§ ASSIGNMENT
Search the entries for the word "also" and copy each line that has it.

[Collected data]

******************************

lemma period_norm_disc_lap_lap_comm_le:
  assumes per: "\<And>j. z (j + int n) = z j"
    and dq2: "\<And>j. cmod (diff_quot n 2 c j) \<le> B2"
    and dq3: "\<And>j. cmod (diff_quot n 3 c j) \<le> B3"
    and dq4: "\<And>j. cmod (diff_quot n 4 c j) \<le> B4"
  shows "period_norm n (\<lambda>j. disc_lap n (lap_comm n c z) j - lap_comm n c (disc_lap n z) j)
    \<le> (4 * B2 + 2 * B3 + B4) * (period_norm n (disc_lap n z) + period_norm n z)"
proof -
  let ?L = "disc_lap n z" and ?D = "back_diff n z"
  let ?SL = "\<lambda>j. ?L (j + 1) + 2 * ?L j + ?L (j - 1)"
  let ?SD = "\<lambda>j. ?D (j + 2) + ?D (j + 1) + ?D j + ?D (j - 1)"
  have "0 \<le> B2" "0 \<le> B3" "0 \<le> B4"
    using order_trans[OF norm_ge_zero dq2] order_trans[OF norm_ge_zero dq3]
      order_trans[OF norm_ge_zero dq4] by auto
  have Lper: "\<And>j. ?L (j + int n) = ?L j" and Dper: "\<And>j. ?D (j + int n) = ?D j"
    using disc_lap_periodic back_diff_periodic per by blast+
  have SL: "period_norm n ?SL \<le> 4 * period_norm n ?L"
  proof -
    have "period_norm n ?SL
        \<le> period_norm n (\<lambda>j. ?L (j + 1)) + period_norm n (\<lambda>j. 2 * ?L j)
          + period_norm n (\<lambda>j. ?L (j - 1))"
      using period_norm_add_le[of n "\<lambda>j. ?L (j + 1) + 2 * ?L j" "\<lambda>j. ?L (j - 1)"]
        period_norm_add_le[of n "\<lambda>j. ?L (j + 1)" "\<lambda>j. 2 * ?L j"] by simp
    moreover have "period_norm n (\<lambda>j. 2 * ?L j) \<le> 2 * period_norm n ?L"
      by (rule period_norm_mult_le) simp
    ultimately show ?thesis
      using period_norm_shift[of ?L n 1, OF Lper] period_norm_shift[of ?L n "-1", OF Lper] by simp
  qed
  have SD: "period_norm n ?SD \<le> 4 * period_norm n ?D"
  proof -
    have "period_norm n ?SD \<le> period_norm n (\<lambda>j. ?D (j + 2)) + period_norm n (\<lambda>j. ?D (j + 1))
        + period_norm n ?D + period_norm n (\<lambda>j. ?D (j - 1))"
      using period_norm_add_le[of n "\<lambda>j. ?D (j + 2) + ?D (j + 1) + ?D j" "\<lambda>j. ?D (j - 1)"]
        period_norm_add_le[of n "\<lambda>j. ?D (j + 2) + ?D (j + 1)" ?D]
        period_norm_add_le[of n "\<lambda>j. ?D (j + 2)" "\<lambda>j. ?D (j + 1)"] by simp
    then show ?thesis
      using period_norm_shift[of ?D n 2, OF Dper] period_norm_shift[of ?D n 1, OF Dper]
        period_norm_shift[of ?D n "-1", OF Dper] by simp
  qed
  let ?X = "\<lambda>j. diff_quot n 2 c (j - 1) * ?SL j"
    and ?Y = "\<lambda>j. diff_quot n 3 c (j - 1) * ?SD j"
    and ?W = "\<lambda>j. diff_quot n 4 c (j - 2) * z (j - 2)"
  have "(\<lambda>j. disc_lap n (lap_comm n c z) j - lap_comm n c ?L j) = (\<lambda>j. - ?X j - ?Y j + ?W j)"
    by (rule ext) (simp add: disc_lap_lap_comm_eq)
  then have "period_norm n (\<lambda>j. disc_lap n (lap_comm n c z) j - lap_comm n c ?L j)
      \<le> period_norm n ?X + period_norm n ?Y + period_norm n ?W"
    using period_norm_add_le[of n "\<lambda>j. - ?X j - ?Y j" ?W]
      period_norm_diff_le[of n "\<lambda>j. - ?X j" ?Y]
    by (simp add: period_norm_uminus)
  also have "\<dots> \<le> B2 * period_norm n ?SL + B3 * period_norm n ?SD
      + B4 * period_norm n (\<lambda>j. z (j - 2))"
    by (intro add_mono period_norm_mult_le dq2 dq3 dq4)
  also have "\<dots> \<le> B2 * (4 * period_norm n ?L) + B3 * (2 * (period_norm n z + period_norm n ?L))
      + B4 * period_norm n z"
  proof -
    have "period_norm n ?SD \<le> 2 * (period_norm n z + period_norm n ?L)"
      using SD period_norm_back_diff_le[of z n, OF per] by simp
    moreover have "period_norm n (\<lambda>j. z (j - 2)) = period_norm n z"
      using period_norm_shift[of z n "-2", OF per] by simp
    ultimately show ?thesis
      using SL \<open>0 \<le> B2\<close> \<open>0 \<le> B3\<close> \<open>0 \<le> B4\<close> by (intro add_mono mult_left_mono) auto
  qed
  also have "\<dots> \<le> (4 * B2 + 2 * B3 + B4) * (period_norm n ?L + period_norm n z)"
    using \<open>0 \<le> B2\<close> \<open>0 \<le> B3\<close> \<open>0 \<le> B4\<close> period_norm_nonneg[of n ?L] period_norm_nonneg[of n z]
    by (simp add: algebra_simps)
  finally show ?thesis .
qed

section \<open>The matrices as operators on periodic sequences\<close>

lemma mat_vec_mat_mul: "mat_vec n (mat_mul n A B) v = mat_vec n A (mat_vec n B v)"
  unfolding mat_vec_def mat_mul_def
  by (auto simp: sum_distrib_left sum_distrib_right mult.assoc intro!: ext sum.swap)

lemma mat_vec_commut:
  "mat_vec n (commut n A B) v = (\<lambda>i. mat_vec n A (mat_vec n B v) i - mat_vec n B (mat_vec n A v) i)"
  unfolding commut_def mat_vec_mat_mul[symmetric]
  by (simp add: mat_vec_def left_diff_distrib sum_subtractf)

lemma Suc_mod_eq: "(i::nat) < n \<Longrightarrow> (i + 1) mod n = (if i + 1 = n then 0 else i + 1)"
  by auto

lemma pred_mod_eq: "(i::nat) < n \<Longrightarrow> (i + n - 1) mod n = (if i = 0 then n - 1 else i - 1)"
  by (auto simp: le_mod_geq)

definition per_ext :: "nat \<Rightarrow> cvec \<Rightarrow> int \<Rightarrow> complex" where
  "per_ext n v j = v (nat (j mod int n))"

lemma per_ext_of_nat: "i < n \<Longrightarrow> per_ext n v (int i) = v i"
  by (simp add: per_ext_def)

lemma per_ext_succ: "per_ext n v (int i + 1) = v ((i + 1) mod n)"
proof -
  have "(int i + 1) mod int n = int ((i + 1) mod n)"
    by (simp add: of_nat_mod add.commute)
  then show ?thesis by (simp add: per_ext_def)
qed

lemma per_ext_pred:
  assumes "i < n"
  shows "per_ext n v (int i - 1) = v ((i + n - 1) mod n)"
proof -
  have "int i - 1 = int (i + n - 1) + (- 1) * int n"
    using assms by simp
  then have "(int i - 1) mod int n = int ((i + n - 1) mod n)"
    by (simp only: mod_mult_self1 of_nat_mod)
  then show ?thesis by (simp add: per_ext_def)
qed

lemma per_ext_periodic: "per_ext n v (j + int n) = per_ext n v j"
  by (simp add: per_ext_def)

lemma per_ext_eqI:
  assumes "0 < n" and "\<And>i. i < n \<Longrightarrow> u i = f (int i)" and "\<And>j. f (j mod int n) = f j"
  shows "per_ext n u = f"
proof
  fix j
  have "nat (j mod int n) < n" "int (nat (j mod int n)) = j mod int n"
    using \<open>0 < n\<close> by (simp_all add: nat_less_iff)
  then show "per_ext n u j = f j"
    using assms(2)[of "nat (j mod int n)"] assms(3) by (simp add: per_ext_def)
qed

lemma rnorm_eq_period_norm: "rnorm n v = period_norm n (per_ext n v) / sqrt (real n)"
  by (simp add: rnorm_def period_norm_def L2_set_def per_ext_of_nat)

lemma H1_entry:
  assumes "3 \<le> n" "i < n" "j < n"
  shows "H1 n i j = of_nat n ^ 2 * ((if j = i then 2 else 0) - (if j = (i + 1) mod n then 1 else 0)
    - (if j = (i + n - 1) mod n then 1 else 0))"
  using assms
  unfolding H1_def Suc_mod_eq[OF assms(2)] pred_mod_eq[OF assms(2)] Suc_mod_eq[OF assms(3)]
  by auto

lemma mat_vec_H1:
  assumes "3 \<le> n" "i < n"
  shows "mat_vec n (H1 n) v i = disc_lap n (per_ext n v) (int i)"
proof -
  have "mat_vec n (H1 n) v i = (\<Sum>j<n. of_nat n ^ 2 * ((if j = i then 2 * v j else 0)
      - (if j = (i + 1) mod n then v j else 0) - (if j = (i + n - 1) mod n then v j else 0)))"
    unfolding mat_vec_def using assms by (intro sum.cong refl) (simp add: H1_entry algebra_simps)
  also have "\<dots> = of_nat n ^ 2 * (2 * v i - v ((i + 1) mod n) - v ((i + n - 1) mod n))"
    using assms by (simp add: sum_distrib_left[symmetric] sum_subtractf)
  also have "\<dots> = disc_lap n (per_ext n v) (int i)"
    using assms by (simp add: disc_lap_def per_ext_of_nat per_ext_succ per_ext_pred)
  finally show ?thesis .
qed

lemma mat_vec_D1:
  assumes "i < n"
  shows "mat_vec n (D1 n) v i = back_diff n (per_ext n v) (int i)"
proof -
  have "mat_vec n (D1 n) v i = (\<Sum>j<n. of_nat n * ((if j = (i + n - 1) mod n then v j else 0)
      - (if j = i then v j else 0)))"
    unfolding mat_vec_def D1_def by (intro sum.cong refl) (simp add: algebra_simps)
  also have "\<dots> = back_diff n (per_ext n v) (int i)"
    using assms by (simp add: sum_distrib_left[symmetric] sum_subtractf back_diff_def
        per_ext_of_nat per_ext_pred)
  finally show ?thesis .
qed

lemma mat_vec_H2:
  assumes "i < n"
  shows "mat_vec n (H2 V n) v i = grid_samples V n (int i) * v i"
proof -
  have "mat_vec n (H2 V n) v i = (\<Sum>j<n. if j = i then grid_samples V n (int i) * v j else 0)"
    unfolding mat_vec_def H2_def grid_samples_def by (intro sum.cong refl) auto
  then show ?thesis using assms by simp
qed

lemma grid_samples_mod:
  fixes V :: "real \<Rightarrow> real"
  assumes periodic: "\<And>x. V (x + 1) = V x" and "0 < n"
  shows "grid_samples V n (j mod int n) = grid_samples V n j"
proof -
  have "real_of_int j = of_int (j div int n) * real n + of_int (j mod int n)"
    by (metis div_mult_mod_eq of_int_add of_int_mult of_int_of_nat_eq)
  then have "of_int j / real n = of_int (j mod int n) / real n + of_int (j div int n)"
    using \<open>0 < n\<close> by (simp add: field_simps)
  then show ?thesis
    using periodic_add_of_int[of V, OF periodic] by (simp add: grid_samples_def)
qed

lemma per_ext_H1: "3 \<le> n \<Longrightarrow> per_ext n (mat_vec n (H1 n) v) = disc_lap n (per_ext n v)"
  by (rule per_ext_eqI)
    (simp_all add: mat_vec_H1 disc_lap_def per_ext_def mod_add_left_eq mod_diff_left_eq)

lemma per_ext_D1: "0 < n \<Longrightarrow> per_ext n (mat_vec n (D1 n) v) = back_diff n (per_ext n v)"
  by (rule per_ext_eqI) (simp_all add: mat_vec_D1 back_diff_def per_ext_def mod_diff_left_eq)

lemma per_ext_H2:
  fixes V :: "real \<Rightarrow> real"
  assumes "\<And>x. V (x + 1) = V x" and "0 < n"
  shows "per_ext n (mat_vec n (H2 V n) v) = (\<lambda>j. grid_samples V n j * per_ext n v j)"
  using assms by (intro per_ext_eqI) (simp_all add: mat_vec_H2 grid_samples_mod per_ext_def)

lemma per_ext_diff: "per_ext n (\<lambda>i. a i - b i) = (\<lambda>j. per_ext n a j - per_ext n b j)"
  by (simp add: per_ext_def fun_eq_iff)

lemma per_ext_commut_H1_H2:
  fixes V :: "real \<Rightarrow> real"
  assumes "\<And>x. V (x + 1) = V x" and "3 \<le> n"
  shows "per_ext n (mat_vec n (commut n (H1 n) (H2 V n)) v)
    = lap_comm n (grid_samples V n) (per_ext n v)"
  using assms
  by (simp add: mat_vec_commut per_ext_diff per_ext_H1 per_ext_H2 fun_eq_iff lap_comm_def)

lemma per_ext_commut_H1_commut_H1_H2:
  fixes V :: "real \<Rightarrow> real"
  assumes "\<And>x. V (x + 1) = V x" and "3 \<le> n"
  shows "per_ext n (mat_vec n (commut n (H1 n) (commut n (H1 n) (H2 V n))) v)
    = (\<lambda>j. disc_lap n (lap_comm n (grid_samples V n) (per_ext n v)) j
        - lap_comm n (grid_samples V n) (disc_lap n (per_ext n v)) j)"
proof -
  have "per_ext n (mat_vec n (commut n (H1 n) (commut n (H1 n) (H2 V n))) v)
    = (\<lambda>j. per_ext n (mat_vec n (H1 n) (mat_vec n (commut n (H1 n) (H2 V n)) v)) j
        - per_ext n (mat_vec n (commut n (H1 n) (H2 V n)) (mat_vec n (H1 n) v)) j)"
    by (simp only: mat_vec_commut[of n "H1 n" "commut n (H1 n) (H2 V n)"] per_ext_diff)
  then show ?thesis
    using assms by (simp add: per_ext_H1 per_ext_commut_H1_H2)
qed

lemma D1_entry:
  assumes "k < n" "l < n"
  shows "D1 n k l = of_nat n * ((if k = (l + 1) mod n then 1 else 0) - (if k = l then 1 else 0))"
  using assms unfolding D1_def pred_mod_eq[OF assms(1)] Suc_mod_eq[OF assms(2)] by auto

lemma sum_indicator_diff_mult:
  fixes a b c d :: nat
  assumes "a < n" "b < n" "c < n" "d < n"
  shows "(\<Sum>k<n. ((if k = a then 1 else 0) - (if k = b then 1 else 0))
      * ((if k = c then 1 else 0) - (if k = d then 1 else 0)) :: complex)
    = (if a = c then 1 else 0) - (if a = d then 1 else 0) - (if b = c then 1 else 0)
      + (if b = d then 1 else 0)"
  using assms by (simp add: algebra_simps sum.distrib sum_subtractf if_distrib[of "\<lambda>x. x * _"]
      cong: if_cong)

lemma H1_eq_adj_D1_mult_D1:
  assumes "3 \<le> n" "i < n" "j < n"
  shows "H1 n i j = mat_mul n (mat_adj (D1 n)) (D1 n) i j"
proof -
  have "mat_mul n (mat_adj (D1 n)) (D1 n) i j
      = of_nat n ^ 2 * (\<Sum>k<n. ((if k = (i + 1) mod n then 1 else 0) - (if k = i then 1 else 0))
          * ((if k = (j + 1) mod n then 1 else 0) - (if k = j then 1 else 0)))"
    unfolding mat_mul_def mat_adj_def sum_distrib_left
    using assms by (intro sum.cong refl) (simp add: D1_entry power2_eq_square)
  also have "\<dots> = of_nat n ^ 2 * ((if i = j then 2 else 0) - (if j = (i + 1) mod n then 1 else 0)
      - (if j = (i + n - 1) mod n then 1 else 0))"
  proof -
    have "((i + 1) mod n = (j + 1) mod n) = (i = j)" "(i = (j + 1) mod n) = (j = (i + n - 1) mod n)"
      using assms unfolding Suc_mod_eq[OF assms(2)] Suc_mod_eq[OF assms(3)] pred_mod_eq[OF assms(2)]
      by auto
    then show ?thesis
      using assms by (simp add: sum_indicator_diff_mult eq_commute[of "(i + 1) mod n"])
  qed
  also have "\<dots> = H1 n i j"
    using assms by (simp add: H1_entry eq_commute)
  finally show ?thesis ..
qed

******************************

§ FINAL ANSWER
  also have "\<dots> \<le> B2 * period_norm n ?SL + B3 * period_norm n ?SD
  also have "\<dots> \<le> B2 * (4 * period_norm n ?L) + B3 * (2 * (period_norm n z + period_norm n ?L))
  also have "\<dots> \<le> (4 * B2 + 2 * B3 + B4) * (period_norm n ?L + period_norm n z)"
  also have "\<dots> = of_nat n ^ 2 * (2 * v i - v ((i + 1) mod n) - v ((i + n - 1) mod n))"
  also have "\<dots> = disc_lap n (per_ext n v) (int i)"
  also have "\<dots> = back_diff n (per_ext n v) (int i)"
  also have "\<dots> = of_nat n ^ 2 * ((if i = j then 2 else 0) - (if j = (i + 1) mod n then 1 else 0)
  also have "\<dots> = H1 n i j"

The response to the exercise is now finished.